Regulation of gene expression by LG268 in small intestine. Mice were fed diets containing 0.2% cholesterol plus vehicle (open bar) or 30 mpk LG268 (filled bar). Twelve hours later, mice were anesthetized and exsanguinated, and the small intestine was flushed and divided into five segments of equal length (from duodenum to ileum) for isolation of mucosal RNA. Equivalent amounts of mRNA from four mice per treatment were pooled and subjected to Northern blot analysis (5 μg/lane), as described (5), with the indicated probes (51). The bar graphs show relative mRNA levels standardized to actin controls (22). Numbers above bars in the ABC1 panel refer to fold increases in mRNA due to LG268 treatment for each intestine segment examined.

RXR/LXR regulation of ABC1 expression. To identify the RXR heterodimer partner responsible for inducing ABC1 expression, we performed short-term experiments using receptor-selective agonists. The receptors were chosen on the basis of their known expression in the intestine and their ability to function as permissive RXR partners. Dietary administration of agonists for RXRs (LG268), PPARα (fenofibrate), PPARγ (troglitazone), PXR (pregnenolone α-carbonitrile), FXR (chenodeoxycholic acid), and a nonsteroidal LXR agonist,N-(2,2,2-trifluoro-ethyl)-N-[4-(2,2,2-trif- luoro-1-hydroxy-1-trifluoromethyl-ethyl)-phenyl]-benzenesulfonamide (T0901317) were used for 12-hour dosing experiments in mice. The identification of T0901317 as an LXR agonist was accomplished by cell reporter assays to establish receptor specificity (Fig. 5A) and potency [median effective concentration (EC50) ∼50 nM] (22) and coactivator interaction studies to demonstrate ligand binding [dissociation constant (Kd) ∼ 50 nM] (22). The complete characterization of T0901317 will be described in detail elsewhere. The efficacy of the different agonists at doses used in these experiments was confirmed by measuring the expression of Cyp7a1, a gene that is known to be regulated by these nuclear receptors (Fig. 5B). Each agonist produced its predicted response, indicating that it was sufficiently absorbed, circulated, and capable of affecting the expression of primary target genes within the 12-hour dosing regimen. ABC1 expression was selectively up-regulated only by the RXR and LXR agonists, suggesting that the RXR/LXR heterodimer regulates ABC1 transcription (Fig. 5C).

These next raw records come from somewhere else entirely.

lemma measure_Un_Int:
  assumes "A \<in> B" "E \<in> B"
  shows "\<mu> (A \<union> E) + \<mu> (A \<inter> E) = \<mu> A + \<mu> E"
  using measure_Un_disjoint[OF assms(1) B.Diff[OF assms(2,1)]] measure_Int_Diff[OF assms(2,1)]
  by (simp add: Int_commute)

lemma measure_subadditive:
  assumes "A \<in> B" "E \<in> B"
  shows "\<mu> (A \<union> E) \<le> \<mu> A + \<mu> E"
  using measure_Un_Int[OF assms] nonneg[OF B.Int[OF assms]] by simp

lemma measure_compl: "A \<in> B \<Longrightarrow> \<mu> (\<Omega> - A) = 1 - \<mu> A"
  using measure_Diff[of A \<Omega>] B.sets_into_space total by simp

lemma measure_Diff_null:
  assumes "A \<in> B" "N \<in> B" "\<mu> N = 0"
  shows "\<mu> (A - N) = \<mu> A"
  using measure_Int_Diff[OF assms(1,2)] measure_mono[OF B.Int[OF assms(1,2)] assms(2)]
    nonneg[OF B.Int[OF assms(1,2)]] assms(3)
  by simp

lemma measure_le_of_subset_null:
  assumes "A \<in> B" "E \<in> B" "N \<in> B" "\<mu> N = 0" "A \<subseteq> E \<union> N"
  shows "\<mu> A \<le> \<mu> E"
  using measure_mono[OF assms(1) B.Un[OF assms(2,3)] assms(5)] measure_subadditive[OF assms(2,3)] assms(4)
  by simp

lemma measure_UN_disjoint:
  assumes "finite I" "\<And>i. i \<in> I \<Longrightarrow> A i \<in> B" "disjoint_family_on A I"
  shows "\<mu> (\<Union>i\<in>I. A i) = (\<Sum>i\<in>I. \<mu> (A i))"
  using assms
proof (induct I rule: finite_induct)
  case (insert k I)
  then have "A k \<inter> (\<Union>i\<in>I. A i) = {}"
    by (auto simp: disjoint_family_on_def)
  with insert show ?case
    by (simp add: measure_Un_disjoint B.finite_UN disjoint_family_on_mono[OF subset_insertI])
qed (simp add: measure_empty)

lemma measure_UN_le:
  assumes "finite I" "\<And>i. i \<in> I \<Longrightarrow> A i \<in> B"
  shows "\<mu> (\<Union>i\<in>I. A i) \<le> (\<Sum>i\<in>I. \<mu> (A i))"
  using assms
proof (induct I rule: finite_induct)
  case (insert k I)
  then show ?case
    using measure_subadditive[of "A k" "\<Union>i\<in>I. A i"] by (simp add: B.finite_UN)
qed (simp add: measure_empty)

lemma measure_UN_plus_covered_twice_le:
  assumes "finite I" "\<And>i. i \<in> I \<Longrightarrow> K i \<in> B"
  shows "\<mu> (\<Union>i\<in>I. K i) + \<mu> (\<Union>i\<in>I. \<Union>j\<in>I - {i}. K i \<inter> K j) \<le> (\<Sum>i\<in>I. \<mu> (K i))"
  using assms
proof (induct I rule: finite_induct)
  case empty
  show ?case
    by (simp add: measure_empty)
next
  case (insert k I)
  let ?U = "\<Union>i\<in>I. K i" and ?T = "\<Union>i\<in>I. \<Union>j\<in>I - {i}. K i \<inter> K j"
  have in_B: "K k \<in> B" "?U \<in> B" "?T \<in> B"
    using insert by (auto intro!: B.finite_UN B.Int)
  have "(\<Union>i\<in>insert k I. \<Union>j\<in>insert k I - {i}. K i \<inter> K j) = ?T \<union> (K k \<inter> ?U)"
    using insert(2) by auto
  then have "\<mu> (\<Union>i\<in>insert k I. \<Union>j\<in>insert k I - {i}. K i \<inter> K j) \<le> \<mu> ?T + \<mu> (K k \<inter> ?U)"
    using measure_subadditive[OF in_B(3) B.Int[OF in_B(1,2)]] by simp
  moreover have "\<mu> (K k \<union> ?U) + \<mu> (K k \<inter> ?U) = \<mu> (K k) + \<mu> ?U"
    using in_B(1,2) by (rule measure_Un_Int)
  moreover have "\<mu> ?U + \<mu> ?T \<le> (\<Sum>i\<in>I. \<mu> (K i))"
    using insert by simp
  ultimately show ?case
    using insert(1,2) by simp
qed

Dietary cholesterol, a source of oxysterol ligands for LXR (5), also up-regulated expression of ABC1 mRNA in the intestine (22). Of interest, both LXRα and LXRβ mRNAs are detected in mouse small intestine in a cephalocaudal distribution that correlates with ABC1 expression and the localization of cholesterol absorption (22, 29). RXRα mRNA levels are also abundant in the intestine, whereas RXRβ transcripts are present at low levels, and RXRγ is undetectable (22).

Figure 5

The RXR/LXR heterodimer regulates ABC1 expression. (A) Structure of T0901317 and its characterization as an LXR-selective agonist. Transient transfection assays were performed in HEK293 cells with Gal4-receptor chimeras, as described (9). Cells were treated with 1 μM T0901317 (filled bar) or vehicle (dimethyl sulfoxide, open bar) for 16 hours and harvested to measure luciferase and β-galactosidase (β-Gal) activities. Transfection data were normalized to β-Gal, expressed as relative light units (RLU), and represent triplicate assays ± SEM. (B) Effects of various nuclear receptor agonists on CYP7A1 gene expression. Mice were fed diets containing 0.2% cholesterol plus vehicle (none) or the following agonists for 12 hours: 30 mpk LG268 (RXR), 0.5% fenofibrate (PPARα), 150 mpk troglitazone (PPARγ), 0.05% pregnenolone α-carbonitrile (PXR), 0.5% chenodeoxycholic acid (FXR), or 50 mpk T0901317 (LXR). Northern analysis was performed on mRNA pooled from four mice per treatment, as described in Fig. 2. (C) RXR/LXR regulates the expression of ABC1 in mouse small intestine. mRNA prepared from the mucosa of equal-sized intestine segments of the mice described in (B) were used for Northern analysis by the method detailed in Fig. 2. Numbers above bars refer to fold increases in mRNA due to treatment with RXR or LXR agonists.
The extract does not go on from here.